Quoi de mieux que la proximité… régionale. Il parle d’adapter le second pilier aux crises et de prévoir des programmes d’investissements. Il veut en finir avec «le modèle des aides compensatoires, non viables» pour «passer à un modèle d’innovation» : «vivre au fil de l’eau n’est plus acceptable». Impressionné par le modèle autrichien, Alain Rousset veut accompagner le «foisonnement des initiatives».
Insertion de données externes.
(* Let $G$ be a connected equimatchable graph. Then $G-v$ and $G\setminus e$ are equimatchable for all $v\in V(G)$ and all $e\in E(G)$ if and only if $G$ is either a complete graph on an odd number of vertices or a bipartite edge-stable equimatchable graph.
   Context: All graphs are finite and simple. A graph is equimatchable if all its maximal matchings have the same cardinality. $G\setminus e$ denotes the graph obtained by deleting the edge $e$ (keeping all vertices). An equimatchable graph $G$ is edge-stable if $G\setminus e$ is equimatchable for every $e\in E(G)$. *)

theory Defs
  imports Main
begin

definition graph :: "'a set \<Rightarrow> 'a set set \<Rightarrow> bool" where
  "graph V E \<longleftrightarrow> finite V \<and> (\<forall>e\<in>E. e \<subseteq> V \<and> card e = 2)"

definition matching :: "'a set set \<Rightarrow> 'a set set \<Rightarrow> bool" where
  "matching E M \<longleftrightarrow> M \<subseteq> E \<and> (\<forall>e\<in>M. \<forall>f\<in>M. e \<noteq> f \<longrightarrow> e \<inter> f = {})"

definition maximal_matching :: "'a set set \<Rightarrow> 'a set set \<Rightarrow> bool" where
  "maximal_matching E M \<longleftrightarrow> matching E M \<and>
     (\<forall>M'. matching E M' \<and> M \<subseteq> M' \<longrightarrow> M' = M)"

definition equimatchable :: "'a set \<Rightarrow> 'a set set \<Rightarrow> bool" where
  "equimatchable V E \<longleftrightarrow>
     (\<forall>M M'. maximal_matching E M \<and> maximal_matching E M' \<longrightarrow> card M = card M')"

definition del_vertex_V :: "'a set \<Rightarrow> 'a \<Rightarrow> 'a set" where
  "del_vertex_V V v = V - {v}"

definition del_vertex_E :: "'a set set \<Rightarrow> 'a \<Rightarrow> 'a set set" where
  "del_vertex_E E v = {e \<in> E. v \<notin> e}"

definition del_edge :: "'a set set \<Rightarrow> 'a set \<Rightarrow> 'a set set" where
  "del_edge E e = E - {e}"

definition edge_stable :: "'a set \<Rightarrow> 'a set set \<Rightarrow> bool" where
  "edge_stable V E \<longleftrightarrow> equimatchable V E \<and> (\<forall>e\<in>E. equimatchable V (del_edge E e))"

definition connected_graph :: "'a set \<Rightarrow> 'a set set \<Rightarrow> bool" where
  "connected_graph V E \<longleftrightarrow> V \<noteq> {} \<and>
     (\<forall>u\<in>V. \<forall>v\<in>V. (u, v) \<in> {(x, y). {x, y} \<in> E}\<^sup>*)"

definition complete_graph :: "'a set \<Rightarrow> 'a set set \<Rightarrow> bool" where
  "complete_graph V E \<longleftrightarrow> E = {{u, v} | u v. u \<in> V \<and> v \<in> V \<and> u \<noteq> v}"

definition bipartite :: "'a set \<Rightarrow> 'a set set \<Rightarrow> bool" where
  "bipartite V E \<longleftrightarrow> (\<exists>A B. A \<union> B = V \<and> A \<inter> B = {} \<and>
     (\<forall>e\<in>E. \<exists>a\<in>A. \<exists>b\<in>B. e = {a, b}))"

end

theory Submission
  imports Defs
begin

text \<open>
  Fix a maximal matching \<open>M\<close> and let \<open>A\<close> be the set of vertices adjacent to an
  \<open>M\<close>-free vertex. Equimatchability rules out augmenting paths of length 3 and 5.
  Stability enters through one device: removing an \<open>M\<close>-edge, or exchanging two \<open>M\<close>-edges
  for a single edge, gives a matching \<open>N\<close> with \<open>|N| = |M| - 1\<close>; if every edge missed by
  \<open>N\<close> is \<open>e\<close> (or contains a free vertex \<open>v\<close>), then \<open>N\<close> and \<open>M\<close> are both maximal after deleting \<open>e\<close> (or \<open>v\<close>).

  If some \<open>M\<close>-edge has no end in \<open>A\<close>, this device isolates that edge, so the graph is
  \<open>K\<^sub>2\<close>. If some \<open>M\<close>-edge \<open>xy\<close> has both ends in \<open>A\<close>, they have a common free
  neighbour \<open>u\<close>, and the triangle \<open>xyu\<close> propagates along the connected graph: every
  vertex is adjacent to \<open>u\<close> and covered by \<open>M\<close>, and shifting matching edges makes every
  vertex the apex of such a triangle, so the graph is complete on \<open>2|M| + 1\<close> vertices.
  Otherwise every \<open>M\<close>-edge, and then every edge, has exactly one end in \<open>A\<close>.

  Conversely, a maximal matching of an odd complete graph minus a vertex or an edge leaves at
  most two vertices uncovered, so parity fixes its size. In a bipartite edge-stable graph, a
  maximal matching \<open>N\<close> of \<open>G - v\<close> that is not maximal in \<open>G\<close> extends by an edge \<open>vy\<close>.
  If \<open>v\<close> is free in some maximal \<open>M\<close>, the bounds \<open>|N| \<le> |A \<inter> \<Union>N|\<close> and
  \<open>|A| \<le> |M|\<close> leave \<open>y\<close> as the only neighbour of \<open>v\<close> not covered by \<open>N\<close>, so \<open>N\<close>
  and \<open>M\<close> are both maximal after deleting \<open>vy\<close>.
\<close>

section \<open>Matchings in a finite simple graph\<close>

definition vertex_stable :: "'a set \<Rightarrow> 'a set set \<Rightarrow> bool" where
  "vertex_stable V E \<longleftrightarrow> (\<forall>v\<in>V. equimatchable (del_vertex_V V v) (del_vertex_E E v))"

lemma matching_disjoint:
  "matching F M \<Longrightarrow> e \<in> M \<Longrightarrow> f \<in> M \<Longrightarrow> x \<in> e \<Longrightarrow> x \<in> f \<Longrightarrow> e = f"
  unfolding matching_def by blast

lemma matching_mono: "matching F M \<Longrightarrow> M \<subseteq> F' \<Longrightarrow> matching F' M"
  by (simp add: matching_def)

lemma maximal_matching_imp_matching: "maximal_matching F M \<Longrightarrow> matching F M"
  by (simp add: maximal_matching_def)

lemma Union_Diff_matching:
  assumes "matching F M" "S \<subseteq> M"
  shows "\<Union>(M - S) = \<Union>M - \<Union>S"
  using matching_disjoint[OF assms(1)] assms(2) by blast

lemma matched_edges_disjoint:
  assumes "matching F M" "{a,b} \<in> M" "{p,q} \<in> M" "{a,b} \<noteq> {p,q}"
  shows "a \<noteq> p \<and> a \<noteq> q \<and> b \<noteq> p \<and> b \<noteq> q"
proof -
  have "{a,b} \<inter> {p,q} = {}" using assms unfolding matching_def by simp
  thus ?thesis by auto
qed

lemma complete_graph_edge:
  "complete_graph V E \<Longrightarrow> a \<in> V \<Longrightarrow> b \<in> V \<Longrightarrow> a \<noteq> b \<Longrightarrow> {a,b} \<in> E"
  unfolding complete_graph_def by blast

lemma bipartite_sides:
  assumes "bipartite V E"
  obtains P where "\<And>s t. {s,t} \<in> E \<Longrightarrow> s \<in> P \<longleftrightarrow> t \<notin> P"
proof -
  obtain A B where AB: "A \<inter> B = {}" "\<forall>e\<in>E. \<exists>a\<in>A. \<exists>b\<in>B. e = {a,b}"
    using assms unfolding bipartite_def by blast
  have "s \<in> A \<longleftrightarrow> t \<notin> A" if "{s,t} \<in> E" for s t
  proof -
    have "\<exists>a\<in>A. \<exists>b\<in>B. {s,t} = {a,b}" using AB(2) that by (rule bspec)
    then obtain a b where ab: "a \<in> A" "b \<in> B" "{s,t} = {a,b}" by blast
    have "b \<notin> A" using ab(2) AB(1) by blast
    from ab(3) have "(s = a \<and> t = b) \<or> (s = b \<and> t = a)"
      by (auto simp: doubleton_eq_iff)
    thus ?thesis using ab(1) \<open>b \<notin> A\<close> by blast
  qed
  thus ?thesis by (rule that)
qed

lemma bipartite_no_triangle:
  assumes "bipartite V E" "{a,b} \<in> E" "{b,c} \<in> E" "{c,a} \<in> E"
  shows False
proof -
  obtain P where P: "\<And>s t. {s,t} \<in> E \<Longrightarrow> s \<in> P \<longleftrightarrow> t \<notin> P"
    using bipartite_sides[OF assms(1)] by blast
  show False using P[OF assms(2)] P[OF assms(3)] P[OF assms(4)] by argo
qed

lemma bipartite_no_pentagon:
  assumes "bipartite V E" "{a,b} \<in> E" "{b,c} \<in> E" "{c,d} \<in> E" "{d,e} \<in> E" "{e,a} \<in> E"
  shows False
proof -
  obtain P where P: "\<And>s t. {s,t} \<in> E \<Longrightarrow> s \<in> P \<longleftrightarrow> t \<notin> P"
    using bipartite_sides[OF assms(1)] by blast
  show False using P[OF assms(2)] P[OF assms(3)] P[OF assms(4)] P[OF assms(5)] P[OF assms(6)]
    by argo
qed
(* Let $X$ be an infinite-dimensional complex Banach space and let $A\in\mathcal{B}(X)$ be nonzero. Then the following are equivalent: (i) $A$ has rank one. (ii) $\dim K(TA+AT)\le 2$ for every $T\in\mathcal{B}(X)$.
   Context: $\mathcal{B}(X)$ denotes the algebra of all bounded linear operators on $X$. For $T\in\mathcal{B}(X)$, the analytic core $K(T)$ is the set of all $x\in X$ for which there exist $\delta>0$ and a sequence $(x_n)_{n\ge 0}\subset X$ with $x_0=x$, $Tx_{n+1}=x_n$ and $\|x_n\|\le \delta^n\|x\|$ for all $n\ge 0$. *)

theory Defs
  imports "HOL-Analysis.Analysis"
begin

class complex_vector = real_vector +
  fixes scaleC :: "complex \<Rightarrow> 'a \<Rightarrow> 'a" (infixr "*\<^sub>C" 75)
  assumes scaleC_add_right: "a *\<^sub>C (x + y) = a *\<^sub>C x + a *\<^sub>C y"
    and scaleC_add_left: "(a + b) *\<^sub>C x = a *\<^sub>C x + b *\<^sub>C x"
    and scaleC_scaleC: "a *\<^sub>C (b *\<^sub>C x) = (a * b) *\<^sub>C x"
    and scaleC_one: "1 *\<^sub>C x = x"
    and scaleR_scaleC: "r *\<^sub>R x = complex_of_real r *\<^sub>C x"

class complex_normed_vector = complex_vector + real_normed_vector +
  assumes norm_scaleC: "norm (a *\<^sub>C x) = cmod a * norm x"

lemma complex_vector_space: "vector_space ((*\<^sub>C) :: complex \<Rightarrow> 'a::complex_vector \<Rightarrow> 'a)"
  by unfold_locales (simp_all add: scaleC_add_right scaleC_add_left scaleC_scaleC scaleC_one)

abbreviation cspan :: "'a::complex_vector set \<Rightarrow> 'a set" where
  "cspan \<equiv> module.span (*\<^sub>C)"

abbreviation cdim :: "'a::complex_vector set \<Rightarrow> nat" where
  "cdim \<equiv> vector_space.dim (*\<^sub>C)"

definition cfinite_dim :: "'a::complex_vector set \<Rightarrow> bool" where
  "cfinite_dim V \<longleftrightarrow> (\<exists>B. finite B \<and> V \<subseteq> cspan B)"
Christiane Lambert est directe, synthétique, pragmatique. Face au débat d’une «régionalisation» de la PAC, déjà effective, elle craint des disparités : «Les aides agricoles ont longtemps eu un caractère d’orientation, analyse-t-elle, mais il faut une réelle connexion politique avec la réalité». Alors de savoir si douze ASP feront mieux qu’une seule, elle en doute. L’ex-présidente de Vivea appelle les Régions à la formation pour mieux accompagner les jeunes agriculteurs aux mutations. Christiane Lambert n’en oublie pas le contexte général : «On ne peut pas demander plus et mieux à l’agriculture avec un budget moindre…» lâche-t-elle.
Sans budget, pas de PAC
Réagissant à l’obligation de résultat, prônée par Hervé Guyomard, elle ne dit pas non. Pour peu que moyens et résultats soient au diapason. «Il faudra aussi s’interroger sur la gestion du risque et sur l’appropriation du risque, car notre entreprise n’a pas de toit». Le député européen Jean-Luc Denanot rebondit : «Sans budget pas de PAC!». Et les vues d’économies possibles sur la PAC, Brexit oblige, l’inquiète. Claude Cochonneau, président de l’APCA, estime que, dans ces virages, «les chambres d’agriculture sont à la manœuvre».
Si Alain Rousset veut changer les paradigmes, en finir avec un «système néocolonial», c’est bel et bien l’articulation entre national et régional qui était au cœur du débat. Dominique Graciet, président de la chambre régionale Nouvelle-Aquitaine, évoque un «modèle décentralisé» mais craint les «modèles». D’autant plus que l’échelon régional dans l’échiquier politique est flou. Il «faudrait» un équilibre entre «le tout à la Région et le tout à l’État». Luc Servant parlait davantage de «politiques plus locales où la Région est une bonne échelle», qui implique que les agriculteurs sont «parties prenantes des politiques».
Avant 2020, il reste donc du grain à moudre. De plus, durant ces deux jours de travail, les chambres d’agriculture ont également planché sur l’offre de service de l’arc-Atlantique, sur le Brexit et sur les réponses des agricultures face à ces menaces, et enfin sur la cohérence à investir, innover ou imaginer.